FACED score results should be communicated to patients in accessible language, framing the score as an assessment of disease severity and long-term outlook rather than a precise individual prediction. Patients should understand that the score reflects average outcomes across populations with similar characteristics and that their individual prognosis depends on many additional factors. Emphasising modifiable elements — such as the potential impact of airway clearance adherence, vaccination, and exacerbation prevention on long-term outcomes — can help patients feel empowered rather than anxious about their score. Shared decision-making based on prognostic information supports patient engagement in their own management.
Where can I find more information about bronchiectasis management guidelines?
Comprehensive bronchiectasis management guidelines are available from the European Respiratory Society (ERS), which published its first dedicated bronchiectasis guideline in 2017, and from the British Thoracic Society (BTS), which has provided updated guidance covering diagnosis, investigation, and management. The European Multicenter Bronchiectasis Audit and Research Collaboration (EMBARC) also publishes consensus documents and audit data. National respiratory societies in multiple countries have adapted these international frameworks to local practice contexts. All these organizations maintain publicly accessible websites where current guidelines and educational resources can be accessed.

Conclusion

The FACED score provides clinicians with a practical, validated, and internationally applicable tool for stratifying the severity and predicting five-year mortality risk in adults with non-cystic fibrosis bronchiectasis. By combining five readily obtainable clinical parameters — FEV1 percentage of predicted, patient age, Pseudomonas aeruginosa colonisation status, radiological extent of disease, and mMRC dyspnoea grade — it achieves meaningful risk stratification in a format that can be applied in routine clinical practice without specialist statistical software or extensive data collection.

Used appropriately, the FACED score complements rather than replaces comprehensive clinical assessment. It informs monitoring intensity, guides management escalation decisions, facilitates meaningful prognosis discussions with patients, and provides a standardised language for describing disease severity in research and audit contexts. Clinicians are encouraged to reassess the score regularly, document it as part of the longitudinal clinical record, and integrate it with the full clinical picture — including exacerbation history, comorbidities, underlying etiology, and patient-reported outcomes — to deliver individualised, evidence-based bronchiectasis care.

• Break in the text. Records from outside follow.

section \<open>Convolution on a combinatorial Hopf algebra\<close>

lemma sum_swap_1_2:
  "(\<Sum>x\<in>X. \<Sum>a\<in>A. \<Sum>b\<in>B. f x a b) = (\<Sum>a\<in>A. \<Sum>b\<in>B. \<Sum>x\<in>X. f x a b)"
proof -
  have "(\<Sum>x\<in>X. \<Sum>a\<in>A. \<Sum>b\<in>B. f x a b) = (\<Sum>a\<in>A. \<Sum>x\<in>X. \<Sum>b\<in>B. f x a b)"
    by (rule sum.swap)
  also have "\<dots> = (\<Sum>a\<in>A. \<Sum>b\<in>B. \<Sum>x\<in>X. f x a b)"
    by (rule sum.cong[OF refl], rule sum.swap)
  finally show ?thesis .
qed

lemma sum_swap_2_2:
  "(\<Sum>x\<in>X. \<Sum>y\<in>Y. \<Sum>a\<in>A. \<Sum>b\<in>B. f x y a b) = (\<Sum>a\<in>A. \<Sum>b\<in>B. \<Sum>x\<in>X. \<Sum>y\<in>Y. f x y a b)"
proof -
  have "(\<Sum>x\<in>X. \<Sum>y\<in>Y. \<Sum>a\<in>A. \<Sum>b\<in>B. f x y a b) = (\<Sum>x\<in>X. \<Sum>a\<in>A. \<Sum>b\<in>B. \<Sum>y\<in>Y. f x y a b)"
    by (rule sum.cong[OF refl], rule sum_swap_1_2)
  also have "\<dots> = (\<Sum>a\<in>A. \<Sum>b\<in>B. \<Sum>x\<in>X. \<Sum>y\<in>Y. f x y a b)"
    by (rule sum_swap_1_2)
  finally show ?thesis .
qed

lemma sum_swap_1_4:
  "(\<Sum>x\<in>X. \<Sum>a\<in>A. \<Sum>b\<in>B. \<Sum>c\<in>C. \<Sum>d\<in>D. f x a b c d)
     = (\<Sum>a\<in>A. \<Sum>b\<in>B. \<Sum>c\<in>C. \<Sum>d\<in>D. \<Sum>x\<in>X. f x a b c d)"
proof -
  have "(\<Sum>x\<in>X. \<Sum>a\<in>A. \<Sum>b\<in>B. \<Sum>c\<in>C. \<Sum>d\<in>D. f x a b c d)
      = (\<Sum>a\<in>A. \<Sum>b\<in>B. \<Sum>x\<in>X. \<Sum>c\<in>C. \<Sum>d\<in>D. f x a b c d)"
    by (rule sum_swap_1_2)
  also have "\<dots> = (\<Sum>a\<in>A. \<Sum>b\<in>B. \<Sum>c\<in>C. \<Sum>d\<in>D. \<Sum>x\<in>X. f x a b c d)"
    by (rule sum.cong[OF refl], rule sum.cong[OF refl], rule sum_swap_1_2)
  finally show ?thesis .
qed

lemma sum_sum_delta:
  assumes "finite A" "finite B" "p \<in> A" "q \<in> B"
  shows "(\<Sum>a\<in>A. \<Sum>b\<in>B. if a = p \<and> b = q then v else 0) = v"
proof -
  have "(\<Sum>a\<in>A. \<Sum>b\<in>B. if a = p \<and> b = q then v else 0) = (\<Sum>a\<in>A. if a = p then v else 0)"
    using assms by (intro sum.cong refl) simp
  then show ?thesis using assms by simp
qed

lemma sum4_delta:
  assumes "finite A" "finite B" "p1 \<in> A" "p2 \<in> A" "q1 \<in> B" "q2 \<in> B"
  shows "(\<Sum>a1\<in>A. \<Sum>a2\<in>A. \<Sum>b1\<in>B. \<Sum>b2\<in>B.
           if a1 = p1 \<and> a2 = p2 \<and> b1 = q1 \<and> b2 = q2 then v else 0) = v"
proof -
  have "(\<Sum>a1\<in>A. \<Sum>a2\<in>A. \<Sum>b1\<in>B. \<Sum>b2\<in>B.
           if a1 = p1 \<and> a2 = p2 \<and> b1 = q1 \<and> b2 = q2 then v else 0)
      = (\<Sum>a1\<in>A. \<Sum>a2\<in>A. if a1 = p1 \<and> a2 = p2 then v else 0)"
    using assms sum_sum_delta[of B B q1 q2 v] by (intro sum.cong refl) auto
  then show ?thesis using sum_sum_delta assms by simp
qed

locale comb_hopf_alg =
  fixes one :: 'a and deg :: "'a \<Rightarrow> nat" and mult comult :: "'a \<Rightarrow> 'a \<Rightarrow> 'a \<Rightarrow> nat"
  assumes comb_hopf: "comb_hopf one deg mult comult"
begin

lemma finite_Bn: "finite (Bn deg n)"
  using comb_hopf unfolding comb_hopf_def by (elim conjE) blast

lemma Bn_0: "Bn deg 0 = {one}"
  using comb_hopf unfolding comb_hopf_def by (elim conjE) blast

lemma mem_Bn [simp]: "a \<in> Bn deg n \<longleftrightarrow> deg a = n"
  unfolding Bn_def by simp

lemma mem_Ble [simp]: "a \<in> Ble deg n \<longleftrightarrow> deg a \<le> n"
  unfolding Ble_def by simp

lemma deg_eq_0_iff: "deg a = 0 \<longleftrightarrow> a = one"
proof -
  have "a \<in> Bn deg 0 \<longleftrightarrow> a \<in> {one}" by (simp only: Bn_0)
  then show ?thesis by simp
qed

lemma deg_one [simp]: "deg one = 0"
  by (simp add: deg_eq_0_iff)

lemma mult_deg: "mult a b c \<noteq> 0 \<Longrightarrow> deg c = deg a + deg b"
  using comb_hopf unfolding comb_hopf_def by (elim conjE) metis

lemma comult_deg: "comult a b c \<noteq> 0 \<Longrightarrow> deg a + deg b = deg c"
  using comb_hopf unfolding comb_hopf_def by (elim conjE) metis

lemma mult_one_left: "mult one a c = (if c = a then 1 else 0)"
  and mult_one_right: "mult a one c = (if c = a then 1 else 0)"
  using comb_hopf unfolding comb_hopf_def by (elim conjE; metis)+

lemma comult_one_left: "comult one a c = (if a = c then 1 else 0)"
  and comult_one_right: "comult a one c = (if a = c then 1 else 0)"
  using comb_hopf unfolding comb_hopf_def by (elim conjE; metis)+

lemma comult_coassoc:
  "(\<Sum>d\<in>Bn deg (deg x + deg y). comult x y d * comult d z e)
     = (\<Sum>d\<in>Bn deg (deg y + deg z). comult y z d * comult x d e)"
  using comb_hopf unfolding comb_hopf_def by (elim conjE) metis

lemma mult_comult_compat:
  "(\<Sum>c\<in>Bn deg (deg a + deg b). mult a b c * comult x y c)
     = (\<Sum>a1\<in>Ble deg (deg a). \<Sum>a2\<in>Ble deg (deg a). \<Sum>b1\<in>Ble deg (deg b). \<Sum>b2\<in>Ble deg (deg b).
          comult a1 a2 a * comult b1 b2 b * mult a1 b1 x * mult a2 b2 y)"
  using comb_hopf unfolding comb_hopf_def by (elim conjE) metis

lemma finite_Ble: "finite (Ble deg n)"
proof -
  have "Ble deg n = (\<Union>k\<le>n. Bn deg k)" by auto
  then show ?thesis using finite_Bn by simp
qed

lemma finite_mid_degrees: "finite {a. 0 < deg a \<and> deg a < d}"
  by (rule finite_subset[OF _ finite_Ble[of d]]) auto

definition conv :: "('a \<Rightarrow> real) \<Rightarrow> ('a \<Rightarrow> real) \<Rightarrow> 'a \<Rightarrow> real" where
  "conv f g \<sigma> = (\<Sum>a\<in>Ble deg (deg \<sigma>). \<Sum>b\<in>Ble deg (deg \<sigma>). real (comult a b \<sigma>) * f a * g b)"

definition mult_val :: "('a \<Rightarrow> real) \<Rightarrow> 'a \<Rightarrow> 'a \<Rightarrow> real" where
  "mult_val p a b = (\<Sum>c\<in>Bn deg (deg a + deg b). real (mult a b c) * p c)"

definition counit :: "'a \<Rightarrow> real" where
  "counit \<sigma> = (if \<sigma> = one then 1 else 0)"

lemma conv_cong:
  assumes "\<And>a. deg a \<le> deg \<sigma> \<Longrightarrow> f a = f' a" "\<And>a. deg a \<le> deg \<sigma> \<Longrightarrow> g a = g' a"
  shows "conv f g \<sigma> = conv f' g' \<sigma>"
  unfolding conv_def using assms by (intro sum.cong refl) auto

lemma red_sum_cong:
  assumes "\<And>a. 0 < deg a \<Longrightarrow> deg a < deg \<sigma> \<Longrightarrow> f a = f' a"
    and "\<And>a. 0 < deg a \<Longrightarrow> deg a < deg \<sigma> \<Longrightarrow> g a = g' a"
  shows "red_sum deg comult f g \<sigma> = red_sum deg comult f' g' \<sigma>"
  unfolding red_sum_def using assms by (intro sum.cong refl) auto

lemma mult_val_cong:
  assumes "\<And>c. deg c = deg a + deg b \<Longrightarrow> p c = p' c"
  shows "mult_val p a b = mult_val p' a b"
  unfolding mult_val_def using assms by (intro sum.cong refl) auto

lemma conv_eq_sum_Ble:
  assumes "deg \<sigma> \<le> M"
  shows "conv f g \<sigma> = (\<Sum>a\<in>Ble deg M. \<Sum>b\<in>Ble deg M. real (comult a b \<sigma>) * f a * g b)"
  unfolding conv_def using assms comult_deg
  by (intro sum.mono_neutral_cong finite_Ble) (fastforce intro!: sum.neutral)+

lemma comult_coassoc_Ble:
  assumes "deg e \<le> n"
  shows "(\<Sum>d\<in>Ble deg n. real (comult x y d) * real (comult d z e))
       = (\<Sum>d\<in>Ble deg n. real (comult y z d) * real (comult x d e))"
proof -
  have "(\<Sum>d\<in>Ble deg n. real (comult x y d) * real (comult d z e))
      = real (\<Sum>d\<in>Bn deg (deg x + deg y). comult x y d * comult d z e)"
    unfolding of_nat_sum of_nat_mult using assms comult_deg
    by (intro sum.mono_neutral_cong finite_Ble finite_Bn) fastforce+
  also have "\<dots> = real (\<Sum>d\<in>Bn deg (deg y + deg z). comult y z d * comult x d e)"
    by (simp only: comult_coassoc)
  also have "\<dots> = (\<Sum>d\<in>Ble deg n. real (comult y z d) * real (comult x d e))"
    unfolding of_nat_sum of_nat_mult using assms comult_deg
    by (intro sum.mono_neutral_cong finite_Ble finite_Bn) fastforce+
  finally show ?thesis .
qed

lemma conv_assoc: "conv (conv f g) h \<sigma> = conv f (conv g h) \<sigma>"
proof -
  define B where "B = Ble deg (deg \<sigma>)"
  have conv_B: "d \<in> B \<Longrightarrow> conv f g d = (\<Sum>a\<in>B. \<Sum>b\<in>B. real (comult a b d) * f a * g b)" for d f g
    unfolding B_def by (rule conv_eq_sum_Ble) simp
  have "conv (conv f g) h \<sigma>
      = (\<Sum>d\<in>B. \<Sum>c\<in>B. \<Sum>a\<in>B. \<Sum>b\<in>B. (real (comult a b d) * real (comult d c \<sigma>)) * (f a * g b * h c))"
    unfolding conv_def[of "conv f g" h \<sigma>] B_def[symmetric]
    by (intro sum.cong refl) (simp add: conv_B sum_distrib_left sum_distrib_right algebra_simps)
  also have "\<dots> = (\<Sum>a\<in>B. \<Sum>b\<in>B. \<Sum>d\<in>B. \<Sum>c\<in>B. (real (comult a b d) * real (comult d c \<sigma>)) * (f a * g b * h c))"
    by (rule sum_swap_2_2)
  also have "\<dots> = (\<Sum>a\<in>B. \<Sum>b\<in>B. \<Sum>c\<in>B. (\<Sum>d\<in>B. real (comult a b d) * real (comult d c \<sigma>)) * (f a * g b * h c))"
    by (simp only: sum_distrib_right) (intro sum.cong refl sum.swap)
  also have "\<dots> = (\<Sum>a\<in>B. \<Sum>b\<in>B. \<Sum>c\<in>B. (\<Sum>d\<in>B. real (comult b c d) * real (comult a d \<sigma>)) * (f a * g b * h c))"
    unfolding B_def by (simp only: comult_coassoc_Ble[OF order_refl])
  also have "\<dots> = (\<Sum>a\<in>B. \<Sum>d\<in>B. \<Sum>b\<in>B. \<Sum>c\<in>B. (real (comult b c d) * real (comult a d \<sigma>)) * (f a * g b * h c))"
    by (simp only: sum_distrib_right) (rule sum.cong[OF refl], rule sum_swap_1_2[symmetric])
  also have "\<dots> = conv f (conv g h) \<sigma>"
    unfolding conv_def[of f "conv g h" \<sigma>] B_def[symmetric]
    by (intro sum.cong refl) (simp add: conv_B sum_distrib_left algebra_simps)
  finally show ?thesis .
qed

lemma conv_one: "conv f g one = f one * g one"
proof -
  have "Ble deg 0 = {one}" unfolding Bn_0[symmetric] Ble_def Bn_def by simp
  then show ?thesis unfolding conv_def by (simp add: comult_one_left)
qed

lemma conv_split:
  assumes \<sigma>: "0 < deg \<sigma>"
  shows "conv f g \<sigma> = f \<sigma> * g one + f one * g \<sigma> + red_sum deg comult f g \<sigma>"
proof -
  define B where "B = Ble deg (deg \<sigma>)"
  define Mid where "Mid = {a. 0 < deg a \<and> deg a < deg \<sigma>}"
  define T where "T a b = real (comult a b \<sigma>) * f a * g b" for a b
  have "\<sigma> \<noteq> one" using \<sigma> by auto
  have T: "T a b = (if a = \<sigma> \<and> b = one then f \<sigma> * g one else 0)
      + (if a = one \<and> b = \<sigma> then f one * g \<sigma> else 0)
      + (if a \<in> Mid \<and> b \<in> Mid then T a b else 0)" for a b
  proof (cases "a = one \<or> b = one")
    case True
    then show ?thesis
      using \<open>\<sigma> \<noteq> one\<close> unfolding T_def Mid_def by (auto simp: comult_one_left comult_one_right)
  next
    case False
    then have "comult a b \<sigma> \<noteq> 0 \<Longrightarrow> a \<in> Mid \<and> b \<in> Mid"
      unfolding Mid_def using comult_deg[of a b \<sigma>] deg_eq_0_iff by fastforce
    then show ?thesis using False unfolding T_def by auto
  qed
  have B: "finite B" "\<sigma> \<in> B" "one \<in> B" "Mid \<subseteq> B" unfolding B_def Mid_def by (auto simp: finite_Ble)
  then have "(\<Sum>a\<in>B. \<Sum>b\<in>B. if a \<in> Mid \<and> b \<in> Mid then T a b else 0) = (\<Sum>a\<in>B \<inter> Mid. \<Sum>b\<in>B \<inter> Mid. T a b)"
    by (auto simp: sum.inter_restrict intro!: sum.cong)
  with B have "(\<Sum>a\<in>B. \<Sum>b\<in>B. T a b) = f \<sigma> * g one + f one * g \<sigma> + (\<Sum>a\<in>Mid. \<Sum>b\<in>Mid. T a b)"
    by (subst T) (simp only: sum.distrib sum_sum_delta Int_absorb1)
  then show ?thesis unfolding conv_def red_sum_def B_def Mid_def T_def .
qed

lemma conv_counit_left: "conv counit g \<sigma> = g \<sigma>"
proof (cases "deg \<sigma> = 0")
  case True
  then show ?thesis by (simp add: deg_eq_0_iff conv_one counit_def)
next
  case False
  then have "\<sigma> \<noteq> one" by auto
  moreover have "red_sum deg comult counit g \<sigma> = 0"
    unfolding red_sum_def counit_def by (intro sum.neutral) auto
  ultimately show ?thesis using False by (simp add: conv_split counit_def)
qed

lemma mult_val_one_left: "mult_val p one b = p b"
proof -
  have "mult_val p one b = (\<Sum>c\<in>Bn deg (deg b). if c = b then p c else 0)"
    unfolding mult_val_def by (intro sum.cong) (simp_all add: mult_one_left)
  then show ?thesis by (simp add: finite_Bn)
qed

lemma mult_val_one_right: "mult_val p a one = p a"
proof -
  have "mult_val p a one = (\<Sum>c\<in>Bn deg (deg a). if c = a then p c else 0)"
    unfolding mult_val_def by (intro sum.cong) (simp_all add: mult_one_right)
  then show ?thesis by (simp add: finite_Bn)
qed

As the therapeutic landscape for bronchiectasis continues to evolve with new inhaled antibiotics, anti-inflammatory agents, and biological therapies entering development, validated prognostic tools like the FACED score will play an increasingly important role in identifying appropriate candidates for novel treatments, designing rigorous clinical trials, and demonstrating treatment benefit across meaningful patient subgroups. For patients and clinicians alike, the FACED score represents an important step toward the systematic, stratified approach to bronchiectasis management that this underserved condition has long required.